# Irish Nationwide members - Bloomberg News



## alankatz (8 Oct 2010)

Hello: 

I am an reporter for Bloomberg News / Bloomberg BusinessWeek and I am working on a story looking again at Ireland's financial troubles and rise and fall of the banking system, this time through the arc of Michael Fingleton's career at Irish Nationwide. 

I am coming back to this story because of the huge increase in funds the government said on Sept. 30 it would now have to set aside to prop up the Irish banking system, including a doubling to 5.4 billion euros of the capital needed by Irish Nationwide.

Although he is famous/infamous in Ireland, Fingleton is little known outside of it and it seems to me (as an outsider) that the extent to which he transformed a sleepy little building society into a rapidly expanding commercial lender best mirrors Ireland's economic gains in the 90s and then shift into property speculation this past decade, ending of course with the crash you are now living through.

I would very much like to speak with members or former members of Irish Nationwide, particularly people who have met with Michael Fingleton in order to be able to present an accurate profile of what he is really like, the way he dealt with members (buth supporters and peopel who may have opposed him) and the way in which Irish Nationwide was run.

Please e-mail me at akatz5@bloomberg.net if you were a member or knew Michael Fingleton in some other way and would be willing to tell your story.
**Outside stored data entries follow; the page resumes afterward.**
(* Let $W=\sum_{j\in[n]}p_j\mathrm B(\varepsilon_j)\in\mathbb B_n$ and $Q=\sum_{i\in[m]}q_i\mathrm B(\sigma_i)\in\mathbb B_m$, where $(p_j)$, $(q_i)$ are probability vectors and $\varepsilon_1,\dots,\varepsilon_n,\sigma_1,\dots,\sigma_m\in[0,1/2]$. Then $W\preccurlyeq Q$ if and only if there is a 1-matrix $(k_{i,j})_{m\times n}$ of pattern $(q_1,\dots,q_m;p_1,\dots,p_n)$ such that $$p_j\varepsilon_j\ \ge\ \sum_{i\in[m]}k_{i,j}\sigma_i\qquad\text{for every } j\in[n].$$
   Context: A binary-input discrete memoryless channel (BIDMC) $W$ has input $x$ uniformly distributed on $\{0,1\}$, a discrete output alphabet and transition probabilities $\Pr(y\mid x)$. Its LR-profile is $P_W(\varepsilon)=\Pr\big(\mathcal L_W(y)=\varepsilon/(1-\varepsilon)\big)$, $\varepsilon\in[0,1]$, where $\mathcal L_W(\hat y)=\Pr(y=\hat y\mid x=0)/\Pr(y=\hat y\mid x=1)$; $W\cong W'$ (equivalent) if their LR-profiles coincide, and all channel identities are up to $\cong$. $W'$ is a degradation of $W$, written $W'\preccurlyeq W$, if there is a channel $R$ from the output alphabet $\mathcal Y$ of $W$ to the output alphabet $\mathcal Y'$ of $W'$ with $\Pr(y'\mid x'=a)=\sum_{y\in\mathcal Y}\Pr(y\mid x=a)R(y'\mid y)$ for $a\in\{0,1\}$. $\mathrm B(\varepsilon)$ is the BSC with crossover probability $\varepsilon$. For BIDMCs $W_1,\dots,W_n$ and nonnegative $q_1,\dots,q_n$ with sum 1, the random switching channel $\sum_j q_jW_j$ sends, with probability $q_j$ independently of the input, the input through $W_j$ and outputs the output of $W_j$ together with $j$. $\mathbb B_n$ is the set of BIDMCs equivalent to $\sum_{i\in[n]}p_i\mathrm B(\varepsilon_i)$ for some probability vector $(p_i)$ and $\varepsilon_i\in[0,1]$. $[n]=\{1,\dots,n\}$. A 1-matrix of pattern $(q_1,\dots,q_m;p_1,\dots,p_n)$ is a matrix $(k_{i,j})_{m\times n}$ with $k_{i,j}\ge0$, $\sum_{j\in[n]}k_{i,j}=q_i$ ($i\in[m]$) and $\sum_{i\in[m]}k_{i,j}=p_j$ ($j\in[n]$). *)

theory Defs
  imports Complex_Main
begin

text \<open>A binary-input channel with finite output alphabet Y is represented by its
transition probabilities: W y a = Pr(y | x = a), for y in Y and a :: bool
(False = input 0, True = input 1).\<close>

text \<open>Degradation: degraded W' Y' W Y means W' \<preccurlyeq> W, i.e. there is a channel R
from Y (output of W) to Y' (output of W') with W'(y'|a) = sum_y W(y|a) R(y'|y).\<close>
definition degraded ::
  "('b \<Rightarrow> bool \<Rightarrow> real) \<Rightarrow> 'b set \<Rightarrow> ('a \<Rightarrow> bool \<Rightarrow> real) \<Rightarrow> 'a set \<Rightarrow> bool" where
  "degraded W' Y' W Y \<longleftrightarrow>
     (\<exists>R :: 'a \<Rightarrow> 'b \<Rightarrow> real.
        (\<forall>y\<in>Y. \<forall>y'\<in>Y'. 0 \<le> R y y') \<and>
        (\<forall>y\<in>Y. (\<Sum>y'\<in>Y'. R y y') = 1) \<and>
        (\<forall>a. \<forall>y'\<in>Y'. W' y' a = (\<Sum>y\<in>Y. W y a * R y y')))"

definition bsc :: "real \<Rightarrow> bool \<Rightarrow> bool \<Rightarrow> real" where
  "bsc e y a = (if y = a then 1 - e else e)"

text \<open>Random switching channel sum_j p_j B(e_j): output (j, y), output alphabet
{1..n} \<times> UNIV.\<close>
definition bsc_switch :: "(nat \<Rightarrow> real) \<Rightarrow> (nat \<Rightarrow> real) \<Rightarrow> nat \<times> bool \<Rightarrow> bool \<Rightarrow> real" where
  "bsc_switch p e = (\<lambda>(j, y) a. p j * bsc (e j) y a)"

definition one_matrix ::
  "nat \<Rightarrow> nat \<Rightarrow> (nat \<Rightarrow> real) \<Rightarrow> (nat \<Rightarrow> real) \<Rightarrow> (nat \<Rightarrow> nat \<Rightarrow> real) \<Rightarrow> bool" where
  "one_matrix m n q p k \<longleftrightarrow>
     (\<forall>i\<in>{1..m}. \<forall>j\<in>{1..n}. 0 \<le> k i j) \<and>
     (\<forall>i\<in>{1..m}. (\<Sum>j=1..n. k i j) = q i) \<and>
     (\<forall>j\<in>{1..n}. (\<Sum>i=1..m. k i j) = p j)"

end

theory Submission
  imports Defs
begin

text \<open>
  Forward direction: a degrading channel R induces the 1-matrix whose entry k i j is the
  probability, under uniform input, that Q uses its component i while the degraded output lies
  in component j of W. Within each pair (i, j) the bit passes through B(s i) and then through
  R, and since s i \<le> 1/2 \<le> 1 - s i the crossover mass of this route is at least s i times its
  total mass; summing over i bounds p j * e j from below.

  Backward direction: send component i of Q to component j of W with probability k i j / q i
  and then flip the bit by an extra B(t j). As B(s) followed by B(t) is B(s + t - 2 s t), the
  crossover mass arriving in component j is S + t j (p j - 2 S) with S = \<Sum>i. k i j * s i,
  which moves from S to p j / 2 as t j goes from 0 to 1/2; so some t j hits p j * e j.
\<close>

lemma bsc_sum_outputs [simp]: "(\<Sum>y\<in>UNIV. bsc e y a) = 1"
  by (simp add: UNIV_bool bsc_def)

lemma bsc_cascade:
  "(\<Sum>y\<in>UNIV. bsc s y a * bsc t b y) = bsc (s + t - 2 * s * t) b a"
  by (cases a; cases b) (simp_all add: UNIV_bool bsc_def algebra_simps)

lemma sum_mult_bsc:
  "(\<Sum>i\<in>I. k i * bsc (c i) b a) =
     (if b = a then sum k I - (\<Sum>i\<in>I. k i * c i) else (\<Sum>i\<in>I. k i * c i))"
  by (simp add: bsc_def algebra_simps sum_subtractf)

lemma bsc_crossover_lower_bound:
  fixes r :: "bool \<Rightarrow> bool \<Rightarrow> real"
  assumes "0 \<le> s" "s \<le> 1/2" "\<And>y y'. 0 \<le> r y y'"
  shows "s * (\<Sum>y\<in>UNIV. \<Sum>y'\<in>UNIV. r y y') \<le> (\<Sum>a\<in>UNIV. \<Sum>y\<in>UNIV. bsc s y a * r y (\<not> a))"
proof -
  have "0 \<le> (1 - 2 * s) * (r False True + r True False)"
    using assms by simp
  then show ?thesis by (simp add: UNIV_bool bsc_def algebra_simps)
qed

lemma cascade_parameter_exists:
  fixes S P E :: real
  assumes "S \<le> P * E" "P * E \<le> P / 2"
  shows "\<exists>t. 0 \<le> t \<and> t \<le> 1 \<and> S + t * (P - 2 * S) = P * E"
proof (cases "P = 2 * S")
  case True
  with assms show ?thesis by (intro exI[of _ 0]) simp
next
  case False
  with assms show ?thesis
    by (intro exI[of _ "(P * E - S) / (P - 2 * S)"]) (simp add: field_simps)
qed

lemma one_matrix_marginals_nonneg:
  assumes "one_matrix m n q p k"
  shows "\<forall>i\<in>{1..m}. 0 \<le> q i" and "\<forall>j\<in>{1..n}. 0 \<le> p j"
  using assms unfolding one_matrix_def by (metis sum_nonneg)+

lemma one_matrix_zero_row:
  assumes "one_matrix m n q p k" "i \<in> {1..m}" "j \<in> {1..n}" "q i = 0"
  shows "k i j = 0"
proof -
  have "(\<Sum>j\<in>{1..n}. k i j) = 0" "\<forall>j\<in>{1..n}. 0 \<le> k i j"
    using assms unfolding one_matrix_def by auto
  then show ?thesis
    using assms(3) sum_nonneg_eq_0_iff[of "{1..n}" "k i"] by blast
qed

lemma one_matrix_cascade_parameters:
  fixes p e s :: "nat \<Rightarrow> real"
  assumes k: "one_matrix m n q p k" and e: "\<forall>j\<in>{1..n}. e j \<le> 1/2"
    and crossover: "\<forall>j\<in>{1..n}. p j * e j \<ge> (\<Sum>i=1..m. k i j * s i)"
  shows "\<exists>t. \<forall>j\<in>{1..n}. 0 \<le> t j \<and> t j \<le> 1 \<and>
           (\<Sum>i=1..m. k i j * (s i + t j - 2 * s i * t j)) = p j * e j"
proof (rule bchoice, rule ballI)
  fix j assume j: "j \<in> {1..n}"
  define S where "S = (\<Sum>i=1..m. k i j * s i)"
  have "p j * e j \<le> p j * (1/2)"
    using j e one_matrix_marginals_nonneg(2)[OF k] by (intro mult_left_mono) auto
  then obtain t where t: "0 \<le> t" "t \<le> 1" "S + t * (p j - 2 * S) = p j * e j"
    using cascade_parameter_exists[of S "p j" "e j"] crossover j by (auto simp: S_def)
  have "(\<Sum>i=1..m. k i j * (s i + t - 2 * s i * t)) = S + t * (\<Sum>i=1..m. k i j) - 2 * t * S"
    by (simp add: S_def algebra_simps sum.distrib sum_subtractf sum_distrib_left)
  also have "\<dots> = S + t * (p j - 2 * S)"
    using k j unfolding one_matrix_def by (simp add: algebra_simps)
  finally show "\<exists>t. 0 \<le> t \<and> t \<le> 1 \<and> (\<Sum>i=1..m. k i j * (s i + t - 2 * s i * t)) = p j * e j"
    using t by auto
qed
lemma layer_index_less:
  assumes "k < d" "s < M"
  shows "m + k * M + s < m + d * (M::nat)"
proof -
  have "m + k * M + s < m + Suc k * M" using assms(2) by simp
  also have "\<dots> \<le> m + d * M" using assms(1) by (intro add_left_mono mult_le_mono1) simp
  finally show ?thesis .
qed

lemma level_gate_less: "a \<in> {1..m} \<Longrightarrow> level_gate m k a < m + k * (m*m + m)"
  by (cases k) auto

lemma times_gate_offset_less:
  fixes a b m :: nat
  assumes "a \<in> {1..m}" "b \<in> {1..m}"
  shows "(a - 1) * m + (b - 1) < m*m"
proof -
  have "b - 1 < m" using assms by (cases b) auto
  then have "(a - 1) * m + (b - 1) < (a - 1) * m + m" by simp
  also have "\<dots> = a * m" using assms by (cases a) auto
  also have "\<dots> \<le> m*m" using assms by simp
  finally show ?thesis .
qed

lemma layer_gate_children_less:
  assumes m: "m \<ge> 1" and s: "s < m*m + m"
  shows "\<forall>j\<in>set (gate_children (layer_gate m k s :: 'a gate)). j < m + k * (m*m + m) + s"
proof (cases "s < m*m")
  case True
  have level: "level_gate m k b < m + k * (m*m + m) + s" if "b \<in> {1..m}" for b
    using level_gate_less[OF that, of k] by linarith
  have "s mod m + 1 \<in> {1..m}" "colour_diff m (s div m + 1) (s mod m + 1) \<in> {1..m}"
    using m colour_diff_in_range by (auto simp: Suc_leI)
  moreover have "s div m < m" using True by (simp add: less_mult_imp_div_less)
  ultimately show ?thesis using True level by (simp add: layer_gate_def)
next
  case False
  have "times_gate m k (s - m*m + 1) b < m + k * (m*m + m) + s" if "b \<in> {1..m}" for b
  proof -
    have "s - m*m + 1 \<in> {1..m}" using False s by auto
    from times_gate_offset_less[OF this that] have "(s - m*m) * m + (b - 1) < m*m" by simp
    then show ?thesis using False by (simp add: times_gate_def)
  qed
  then show ?thesis using False by (auto simp: layer_gate_def)
qed

lemma wf_Pd_circuit: "m \<ge> 1 \<Longrightarrow> wf_circuit (Pd_circuit m d :: 'a gate list)"
  unfolding wf_circuit_def
proof (intro conjI allI impI ballI)
  fix j i assume m: "m \<ge> 1" and j: "j < length (Pd_circuit m d :: 'a gate list)"
    and i: "i \<in> set (gate_children ((Pd_circuit m d :: 'a gate list) ! j))"
  show "i < j"
  proof (cases "j < m + d * (m*m + m)")
    case True
    show ?thesis
    proof (cases "j < m")
      case True
      then show ?thesis using i \<open>j < m + d * (m*m + m)\<close> by (simp add: Pd_circuit_nth Pd_gate_def)
    next
      case False
      define k s where "k = (j - m) div (m*m + m)" and "s = (j - m) mod (m*m + m)"
      have s: "s < m*m + m" using m by (simp add: s_def)
      have "k * (m*m + m) + s = j - m" unfolding k_def s_def by (rule div_mult_mod_eq)
      then have "j = m + k * (m*m + m) + s" using False by simp
      then show ?thesis
        using i True layer_gate_children_less[OF m s, of k, where 'a='a]
        by (simp add: Pd_circuit_nth Pd_gate_layer[OF s])
    qed
  next
    case False
    then have "j = m + d * (m*m + m)" using j by (simp add: length_Pd_circuit)
    then show ?thesis using i level_gate_less by (auto simp: Pd_circuit_last)
  qed
qed (simp add: Pd_circuit_def)

lemma Pd_circuit_var_gate:
  "a \<in> {1..m} \<Longrightarrow> Pd_circuit m d ! level_gate m 0 a = GVar a"
  by (auto simp: Pd_circuit_nth Pd_gate_def)

lemma Pd_circuit_plus_gate:
  assumes "k < d" "a \<in> {1..m}"
  shows "level_gate m (Suc k) a < m + d * (m*m + m)"
    and "Pd_circuit m d ! level_gate m (Suc k) a = GPlus (map (times_gate m k a) [1..<m+1])"
proof -
  have s: "m*m + (a - 1) < m*m + m" using assms(2) by auto
  have index: "level_gate m (Suc k) a = m + k * (m*m + m) + (m*m + (a - 1))" by simp
  show "level_gate m (Suc k) a < m + d * (m*m + m)"
    unfolding index by (rule layer_index_less[OF assms(1) s])
  then show "Pd_circuit m d ! level_gate m (Suc k) a = GPlus (map (times_gate m k a) [1..<m+1])"
    using assms(2) by (simp only: index Pd_circuit_nth Pd_gate_layer[OF s]) (auto simp: layer_gate_def)
qed

lemma Pd_circuit_times_gate:
  assumes "k < d" "a \<in> {1..m}" "b \<in> {1..m}"
  shows "times_gate m k a b < m + d * (m*m + m)"
    and "Pd_circuit m d ! times_gate m k a b =
      GTimes [level_gate m k b, level_gate m 0 a, level_gate m k (colour_diff m a b)]"
proof -
  define s where "s = (a - 1) * m + (b - 1)"
  have s: "s < m*m" using times_gate_offset_less[OF assms(2,3)] by (simp add: s_def)
  have index: "times_gate m k a b = m + k * (m*m + m) + s" by (simp add: times_gate_def s_def)
  show lt: "times_gate m k a b < m + d * (m*m + m)"
    unfolding index using layer_index_less[OF assms(1), of s "m*m + m" m] s by simp
  have "b - 1 < m" using assms(3) by (cases b) auto
  then have "s div m = a - 1" "s mod m = b - 1"
    unfolding s_def by (rule mult_add_div_mod_eq)+
  then have "s div m + 1 = a" "s mod m + 1 = b" using assms(2,3) by auto
  with lt show "Pd_circuit m d ! times_gate m k a b =
      GTimes [level_gate m k b, level_gate m 0 a, level_gate m k (colour_diff m a b)]"
    using s by (simp add: index Pd_circuit_nth Pd_gate_layer layer_gate_def)
qed

lemma Pd_circuit_level_value:
  assumes m: "m \<ge> 1"
  shows "k \<le> d \<Longrightarrow> a \<in> {1..m} \<Longrightarrow>
    gate_value (Pd_circuit m d :: 'a::field gate list) (level_gate m k a) = Pd_rooted m k a"
proof (induct k arbitrary: a)
  case 0
  then show ?case using gate_value_GVar[OF Pd_circuit_var_gate] by simp
next
  case (Suc k)
  let ?C = "Pd_circuit m d :: 'a gate list"
  have wf: "wf_circuit ?C" by (rule wf_Pd_circuit[OF m])
  have k: "k < d" using Suc.prems(1) by simp
  have len: "j < length ?C" if "j < m + d * (m*m + m)" for j
    using that by (simp add: length_Pd_circuit)
  have times: "gate_value ?C (times_gate m k a b)
      = ncprod [Pd_rooted m k b, ncvar a, Pd_rooted m k (colour_diff m a b)]"
    if b: "b \<in> {1..m}" for b
  proof -
    note gate = Pd_circuit_times_gate[OF k Suc.prems(2) b]
    have "colour_diff m a b \<in> {1..m}" using colour_diff_in_range m by auto
    then show ?thesis
      using gate_value_GTimes[OF wf len[OF gate(1)] gate(2)] k b
        gate_value_GVar[OF Pd_circuit_var_gate[OF Suc.prems(2), of d, where 'a='a]] Suc.hyps
      by simp
  qed
  note gate = Pd_circuit_plus_gate[OF k Suc.prems(2)]
  have "gate_value ?C (level_gate m (Suc k) a)
      = ncsum (map (gate_value ?C) (map (times_gate m k a) [1..<m+1]))"
    by (rule gate_value_GPlus[OF wf len[OF gate(1)] gate(2)])
  also have "map (gate_value ?C) (map (times_gate m k a) [1..<m+1])
      = map (\<lambda>b. ncprod [Pd_rooted m k b, ncvar a, Pd_rooted m k (colour_diff m a b)]) [1..<m+1]"
    unfolding map_map comp_def using times by (intro map_cong) auto
  also have "ncsum \<dots> = Pd_rooted m (Suc k) a" by simp
  finally show ?case .
qed
text \<open>The greedy vector of \<open>v\<close> is a linear minorant of \<open>lovasz_ext V f - f {}\<close> that is tight at \<open>v\<close>.\<close>
lemma lovasz_ext_conic_combination:
  assumes "finite V" "submodular_on V f" "finite R"
    and "\<forall>j\<in>V. 0 \<le> v j \<and> v j \<le> 1"
    and "\<forall>r\<in>R. \<forall>j\<in>V. 0 \<le> H r j \<and> H r j \<le> 1"
    and "\<forall>r\<in>R. 0 \<le> a r"
    and "\<forall>j\<in>V. v j = (\<Sum>r\<in>R. a r * H r j)"
  shows "lovasz_ext V f v - f {} \<le> (\<Sum>r\<in>R. a r * (lovasz_ext V f (H r) - f {}))"
proof -
  obtain s where s: "\<And>A. A \<subseteq> V \<Longrightarrow> sum s A \<le> f A - f {}"
    and v: "lovasz_ext V f v = f {} + (\<Sum>j\<in>V. s j * v j)"
    using lovasz_ext_greedy[OF assms(1,2,4)] by blast
  have "lovasz_ext V f v - f {} = (\<Sum>j\<in>V. s j * (\<Sum>r\<in>R. a r * H r j))"
    using v assms(7) by simp
  also have "\<dots> = (\<Sum>r\<in>R. a r * (\<Sum>j\<in>V. s j * H r j))"
    by (simp add: sum_distrib_left mult_ac sum.swap[of _ V])
  also have "\<dots> \<le> (\<Sum>r\<in>R. a r * (lovasz_ext V f (H r) - f {}))"
    using lovasz_ext_ge_linear[OF assms(1) s] assms(5,6)
    by (intro sum_mono mult_left_mono) (auto simp: le_diff_eq add.commute)
  finally show ?thesis .
qed

section \<open>The two halves of the Lovasz extension\<close>

definition lovasz_lower :: "'a set \<Rightarrow> ('a set \<Rightarrow> real) \<Rightarrow> ('a \<Rightarrow> real) \<Rightarrow> real" where
  "lovasz_lower V f v = integral {0..1/2} (\<lambda>\<theta>. f (superlevel_set V v \<theta>))"

definition lovasz_upper :: "'a set \<Rightarrow> ('a set \<Rightarrow> real) \<Rightarrow> ('a \<Rightarrow> real) \<Rightarrow> real" where
  "lovasz_upper V f v = integral {1/2..1} (\<lambda>\<theta>. f (superlevel_set V v \<theta>))"

lemma lovasz_ext_split:
  assumes "finite V"
  shows "lovasz_ext V f v = lovasz_lower V f v + lovasz_upper V f v"
  unfolding lovasz_ext_superlevel_set lovasz_lower_def lovasz_upper_def
  by (rule Henstock_Kurzweil_Integration.integral_combine[symmetric])
     (auto intro: integrable_superlevel_set[OF assms])

lemma lovasz_upper_below_half:
  assumes "\<forall>j\<in>V. v j \<le> 1/2"
  shows "lovasz_upper V f v = f {} / 2"
proof -
  have "superlevel_set V v \<theta> = {}" if "1/2 \<le> \<theta>" for \<theta>
    using assms that by (force simp: superlevel_set_def)
  then have "lovasz_upper V f v = integral {1/2..1::real} (\<lambda>_. f {})"
    unfolding lovasz_upper_def by (intro integral_cong) auto
  then show ?thesis
    by simp
qed

lemma lovasz_upper_nonneg:
  assumes "finite V" "\<forall>S\<subseteq>V. 0 \<le> f S"
  shows "0 \<le> lovasz_upper V f v"
  unfolding lovasz_upper_def using assms superlevel_set_subset[of V v]
  by (intro integral_nonneg integrable_superlevel_set) auto

lemma lovasz_lower_nonneg:
  assumes "finite V" "\<forall>S\<subseteq>V. 0 \<le> f S"
  shows "0 \<le> lovasz_lower V f v"
  unfolding lovasz_lower_def using assms superlevel_set_subset[of V v]
  by (intro integral_nonneg integrable_superlevel_set) auto

lemma lovasz_ext_conic_combination_below_half:
  assumes "finite V" "submodular_on V f" "finite R"
    and "\<forall>j\<in>V. 0 \<le> v j \<and> v j \<le> 1"
    and "\<forall>r\<in>R. \<forall>j\<in>V. 0 \<le> H r j \<and> H r j \<le> 1/2"
    and "\<forall>r\<in>R. 0 \<le> a r"
    and "\<forall>j\<in>V. v j = (\<Sum>r\<in>R. a r * H r j)"
  shows "lovasz_ext V f v - f {} \<le> (\<Sum>r\<in>R. a r * (lovasz_lower V f (H r) - f {} / 2))"
proof -
  have "lovasz_ext V f v - f {} \<le> (\<Sum>r\<in>R. a r * (lovasz_ext V f (H r) - f {}))"
    using assms(5) by (intro lovasz_ext_conic_combination[OF assms(1-4) _ assms(6,7)]) force
  also have "\<dots> = (\<Sum>r\<in>R. a r * (lovasz_lower V f (H r) - f {} / 2))"
    using assms(5) by (intro sum.cong) (auto simp: lovasz_ext_split[OF assms(1)] lovasz_upper_below_half)
  finally show ?thesis .
qed

lemma lovasz_lower_min_half: "lovasz_lower V f (\<lambda>j. min (1/2) (v j)) = lovasz_lower V f v"
  unfolding lovasz_lower_def
proof (rule integral_spike[of "{1/2}"])
  fix \<theta> :: real
  assume "\<theta> \<in> {0..1/2} - {1/2}"
  then have "superlevel_set V (\<lambda>j. min (1/2) (v j)) \<theta> = superlevel_set V v \<theta>"
    by (auto simp: superlevel_set_def)
  then show "f (superlevel_set V v \<theta>) = f (superlevel_set V (\<lambda>j. min (1/2) (v j)) \<theta>)"
    by simp
qed simp

lemma lovasz_lower_max_min:
  assumes "finite V" "submodular_on V f"
  shows "lovasz_lower V f (\<lambda>j. max (v j) (w j)) + lovasz_lower V f (\<lambda>j. min (v j) (w j))
    \<le> lovasz_lower V f v + lovasz_lower V f w"
proof -
  have I: "(\<lambda>\<theta>. f (superlevel_set V u \<theta>)) integrable_on {0..1/2}" for u
    by (rule integrable_superlevel_set[OF assms(1)])
  have "superlevel_set V (\<lambda>j. max (v j) (w j)) \<theta> = superlevel_set V v \<theta> \<union> superlevel_set V w \<theta>"
    "superlevel_set V (\<lambda>j. min (v j) (w j)) \<theta> = superlevel_set V v \<theta> \<inter> superlevel_set V w \<theta>"
    for \<theta>
    by (auto simp: superlevel_set_def)
  then have "f (superlevel_set V (\<lambda>j. max (v j) (w j)) \<theta>) + f (superlevel_set V (\<lambda>j. min (v j) (w j)) \<theta>)
      \<le> f (superlevel_set V v \<theta>) + f (superlevel_set V w \<theta>)" for \<theta>
    using assms(2) superlevel_set_subset[of V] unfolding submodular_on_def by simp
  then show ?thesis
    unfolding lovasz_lower_def
    by (simp add: integral_add[OF I I, symmetric] integral_le integrable_add[OF I I])
qed

primrec running_max :: "(nat \<Rightarrow> 'a \<Rightarrow> real) \<Rightarrow> nat \<Rightarrow> 'a \<Rightarrow> real" where
  "running_max x 0 = x 0"
| "running_max x (Suc n) = (\<lambda>j. max (running_max x n j) (x (Suc n) j))"

lemma running_max_ge: "l \<le> n \<Longrightarrow> x l j \<le> running_max x n j"
  by (induction n) (auto simp: le_Suc_eq intro: max.coboundedI1)

lemma running_max_attained: "\<exists>l\<le>n. running_max x n j = x l j"
proof (induction n)
  case 0
  then show ?case by simp
next
  case (Suc n)
  then show ?case
    by (metis le_SucI max_def order_refl running_max.simps(2))
qed

lemma sum_eq_running_max_plus_mins:
  "(\<Sum>i\<le>n. x i j) = running_max x n j + (\<Sum>r\<in>{1..n}. min (running_max x (r - 1) j) (x r j))"
proof (induction n)
  case 0
  then show ?case by simp
next
  case (Suc n)
  have "{1..Suc n} = insert (Suc n) {1..n}"
    by auto
  then show ?case
    using Suc by (simp add: max_def min_def)
qed

lemma lovasz_lower_sum_ge_running_max:
  assumes "finite V" "submodular_on V f"
  shows "lovasz_lower V f (running_max x n)
      + (\<Sum>r\<in>{1..n}. lovasz_lower V f (\<lambda>j. min (running_max x (r - 1) j) (x r j)))
    \<le> (\<Sum>i\<le>n. lovasz_lower V f (x i))"
proof (induction n)
  case 0
  then show ?case by simp
next
  case (Suc n)
  have "{1..Suc n} = insert (Suc n) {1..n}"
    by auto
  then show ?case
    using Suc lovasz_lower_max_min[OF assms, of "running_max x n" "x (Suc n)"] by simp
qed

lemma integral_Ioc_eq_Icc:
  fixes h :: "real \<Rightarrow> real"
  shows "integral {a<..b} h = integral {a..b} h"
  by (rule integral_spike_set; rule negligible_subset[of "{a}"]; auto)

lemma has_integral_reflect_half:
  fixes h :: "real \<Rightarrow> real"
  assumes "(h has_integral i) {0..1/2}"
  shows "((\<lambda>\<theta>. h (1 - \<theta>)) has_integral i) {1/2..1}"
proof -
  have "((\<lambda>\<theta>. h (- \<theta>)) has_integral i) {- (1/2)..- 0}"
    by (rule has_integral_reflect_real[THEN iffD2, OF assms])
  then have "(((\<lambda>\<theta>. h (- \<theta>)) \<circ> (+) (-1)) has_integral i) {1/2..1}"
    using has_integral_shift_Icc_real[of "\<lambda>\<theta>. h (- \<theta>)" "-1" i "1/2" 1] by simp
  then show ?thesis
    by (simp add: o_def)
qed

section \<open>The rounding\<close>

locale fractional_assignment =
  fixes V :: "'a set" and k :: nat and x :: "nat \<Rightarrow> 'a \<Rightarrow> real"
  assumes sum_eq_one: "j \<in> V \<Longrightarrow> (\<Sum>i<k. x i j) = 1"
    and nonneg: "i < k \<Longrightarrow> j \<in> V \<Longrightarrow> 0 \<le> x i j"
begin

lemma add_le_one:
  assumes "i < k" "l < k" "i \<noteq> l" "j \<in> V"
  shows "x i j + x l j \<le> 1"
proof -
  have "(\<Sum>i\<in>{i, l}. x i j) \<le> (\<Sum>i<k. x i j)"
    using assms nonneg by (intro sum_mono2) auto
  then show ?thesis
    using assms sum_eq_one by simp
qed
Thank you very much and best regards,
Alan Katz
Bloomberg News
tel: +331.5365.5007


----------



## Sunny (8 Oct 2010)

Brendan, I think you are the man for this.


----------



## csirl (8 Oct 2010)

You should talk to Senator Shane Ross - writes a column for the Sunday Independent newspaper. He's done a lot of backround research into Nationwide and knows most of the characters involved.


----------



## alankatz (8 Oct 2010)

I read Ross's book "The bankers". didn't realize he was a politician. Will try him, thanks (still also looking for members/former members too!)


----------